§ What this task involves:
Using the data below, copy each line that includes the word "else".

§ Saved data entries:
Segment Open
lemma sum_list_take_rotate:
  fixes xs :: "'a :: ab_group_add list"
  assumes "r < length xs" "j \<le> length xs"
  shows "sum_list (take j (rotate r xs)) = sum_list (take (r + j) (xs @ xs)) - sum_list (take r (xs @ xs))"
proof -
  have "rotate r xs = take (length xs) (drop r (xs @ xs))"
    using assms by (simp add: rotate_eq_drop_take)
  then have "take j (rotate r xs) = take j (drop r (xs @ xs))"
    using assms(2) by (simp add: min_absorb1)
  moreover have "sum_list (take (r + j) (xs @ xs))
      = sum_list (take r (xs @ xs)) + sum_list (take j (drop r (xs @ xs)))"
    by (simp only: take_add sum_list_append)
  ultimately show ?thesis
    by simp
qed

lemma sum_list_take_append_self:
  fixes xs :: "'a :: comm_monoid_add list"
  assumes "m \<le> length xs"
  shows "sum_list (take (m + length xs) (xs @ xs)) = sum_list (take m (xs @ xs)) + sum_list xs"
  using assms
  by (simp add: take_add add.commute)

lemma positive_prefix_sums_rotate_iff:
  assumes "r < length xs"
  shows "positive_prefix_sums (rotate r xs) \<longleftrightarrow>
    (\<forall>j\<in>{1..length xs}. sum_list (take r (xs @ xs)) < sum_list (take (r + j) (xs @ xs)))"
  using sum_list_take_rotate[OF assms] by (auto simp: positive_prefix_sums_def)

lemma positive_rotation_unique:
  assumes sum: "sum_list xs = 1" and "r < length xs" "r' < length xs"
    and "positive_prefix_sums (rotate r xs)" "positive_prefix_sums (rotate r' xs)"
  shows "r = r'"
proof -
  define n where "n = length xs"
  define S where "S m = sum_list (take m (xs @ xs))" for m
  have S_period: "S (m + n) = S m + 1" if "m < n" for m
    using sum_list_take_append_self[of m xs] that sum by (simp add: S_def n_def)
  \<comment> \<open>\<open>S\<close> rises by exactly 1 over a period, so \<open>S r < S r' < S r + 1\<close> is impossible.\<close>
  have False if "r < r'" "r' < n" "positive_prefix_sums (rotate r xs)"
    "positive_prefix_sums (rotate r' xs)" for r r'
  proof -
    have "\<forall>j\<in>{1..n}. S r < S (r + j)" "\<forall>j\<in>{1..n}. S r' < S (r' + j)"
      using that positive_prefix_sums_rotate_iff[of r xs] positive_prefix_sums_rotate_iff[of r' xs]
      unfolding S_def n_def by auto
    moreover have "r' - r \<in> {1..n}" "n + r - r' \<in> {1..n}"
      using that by auto
    ultimately have "S r < S (r + (r' - r))" "S r' < S (r' + (n + r - r'))"
      by blast+
    moreover have "r' + (n + r - r') = r + n"
      using that by simp
    ultimately show False
      using that S_period[of r] by simp
  qed
  then show ?thesis
    using assms unfolding n_def by (metis linorder_neqE_nat)
qed

lemma positive_rotation_exists:
  assumes sum: "sum_list xs = 1"
  obtains r where "r < length xs" "positive_prefix_sums (rotate r xs)"
proof -
  define n where "n = length xs"
  define S where "S m = sum_list (take m (xs @ xs))" for m
  have "n > 0"
    using sum by (cases xs) (auto simp: n_def)
  define M where "M = Min (S ` {..<n})"
  define r where "r = Max {j. j < n \<and> S j = M}"
  have M_le: "M \<le> S j" if "j < n" for j
    using that by (simp add: M_def)
  have "M \<in> S ` {..<n}"
    using \<open>n > 0\<close> unfolding M_def by (intro Min_in) auto
  then have "{j. j < n \<and> S j = M} \<noteq> {}"
    by auto
  then have r: "r < n" "S r = M"
    using Max_in[of "{j. j < n \<and> S j = M}"] by (auto simp: r_def)
  have r_last: "j \<le> r" if "j < n" "S j = M" for j
    using that unfolding r_def by (intro Max_ge) auto
  have "S r < S (r + j)" if j: "j \<in> {1..n}" for j
  proof (cases "r + j < n")
    case True
    then show ?thesis
      using M_le[of "r + j"] r_last[of "r + j"] r j by fastforce
  next
    case False
    then have "r + j = (r + j - n) + n" "r + j - n < n"
      using r j by auto
    moreover have "S ((r + j - n) + n) = S (r + j - n) + 1"
      using sum_list_take_append_self[of "r + j - n" xs] calculation sum by (simp add: S_def n_def)
    ultimately show ?thesis
      using M_le[of "r + j - n"] r by simp
  qed
  then show thesis
    using that[of r] r positive_prefix_sums_rotate_iff[of r xs] by (simp add: S_def n_def)
qed

lemma card_filter_rotate:
  assumes "finite S" and len: "\<And>xs. xs \<in> S \<Longrightarrow> length xs = n" and "r < n"
    and closed: "\<And>xs r. xs \<in> S \<Longrightarrow> rotate r xs \<in> S"
  shows "card {xs \<in> S. P (rotate r xs)} = card {xs \<in> S. P xs}"
proof (rule bij_betw_same_card[of "rotate r"], rule bij_betw_byWitness[where f' = "rotate (n - r)"])
  show "\<forall>xs\<in>{xs \<in> S. P (rotate r xs)}. rotate (n - r) (rotate r xs) = xs"
    using len \<open>r < n\<close> by (simp add: rotate_rotate)
  show "\<forall>xs\<in>{xs \<in> S. P xs}. rotate r (rotate (n - r) xs) = xs"
    using len \<open>r < n\<close> by (simp add: rotate_rotate)
qed (use closed len \<open>r < n\<close> in \<open>auto simp: rotate_rotate\<close>)

lemma card_filter_eq_sum: "finite A \<Longrightarrow> card {x \<in> A. P x} = (\<Sum>x\<in>A. if P x then 1 else 0)"
  using sum.inter_filter[of A "\<lambda>_. 1 :: nat" P] by simp

lemma card_rotation_invariant:
  assumes fin: "finite S" and len: "\<And>xs. xs \<in> S \<Longrightarrow> length xs = n"
    and closed: "\<And>xs r. xs \<in> S \<Longrightarrow> rotate r xs \<in> S"
    and unique: "\<And>xs. xs \<in> S \<Longrightarrow> \<exists>!r. r < n \<and> P (rotate r xs)"
  shows "n * card {xs \<in> S. P xs} = card S"
proof -
  have "card {r \<in> {..<n}. P (rotate r xs)} = 1" if xs: "xs \<in> S" for xs
  proof -
    obtain r0 where "r0 < n" "P (rotate r0 xs)" "\<And>r. r < n \<Longrightarrow> P (rotate r xs) \<Longrightarrow> r = r0"
      using unique[OF xs] by blast
    then have "{r \<in> {..<n}. P (rotate r xs)} = {r0}"
      by fastforce
    then show ?thesis
      by simp
  qed
  then have "card S = (\<Sum>xs\<in>S. card {r \<in> {..<n}. P (rotate r xs)})"
    by simp
  also have "\<dots> = (\<Sum>xs\<in>S. \<Sum>r<n. if P (rotate r xs) then 1 else 0)"
    by (simp only: card_filter_eq_sum[OF finite_lessThan])
  also have "\<dots> = (\<Sum>r<n. \<Sum>xs\<in>S. if P (rotate r xs) then 1 else 0)"
    by (rule sum.swap)
  also have "\<dots> = (\<Sum>r<n. card {xs \<in> S. P (rotate r xs)})"
    by (simp only: card_filter_eq_sum[OF fin])
  also have "\<dots> = (\<Sum>r<n. card {xs \<in> S. P xs})"
    by (intro sum.cong refl card_filter_rotate[OF fin len _ closed]) auto
  finally show ?thesis
    by simp
qed

section \<open>Basketball walks as step sequences\<close>

definition step_lists :: "nat \<Rightarrow> int list set" where
  "step_lists n = {xs. length xs = n \<and> set xs \<subseteq> {-2, -1, 1, 2} \<and> sum_list xs = 1}"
Segment Closed
§ Exercise output:
lemma card_filter_eq_sum: "finite A \<Longrightarrow> card {x \<in> A. P x} = (\<Sum>x\<in>A. if P x then 1 else 0)"
  also have "\<dots> = (\<Sum>xs\<in>S. \<Sum>r<n. if P (rotate r xs) then 1 else 0)"
  also have "\<dots> = (\<Sum>r<n. \<Sum>xs\<in>S. if P (rotate r xs) then 1 else 0)"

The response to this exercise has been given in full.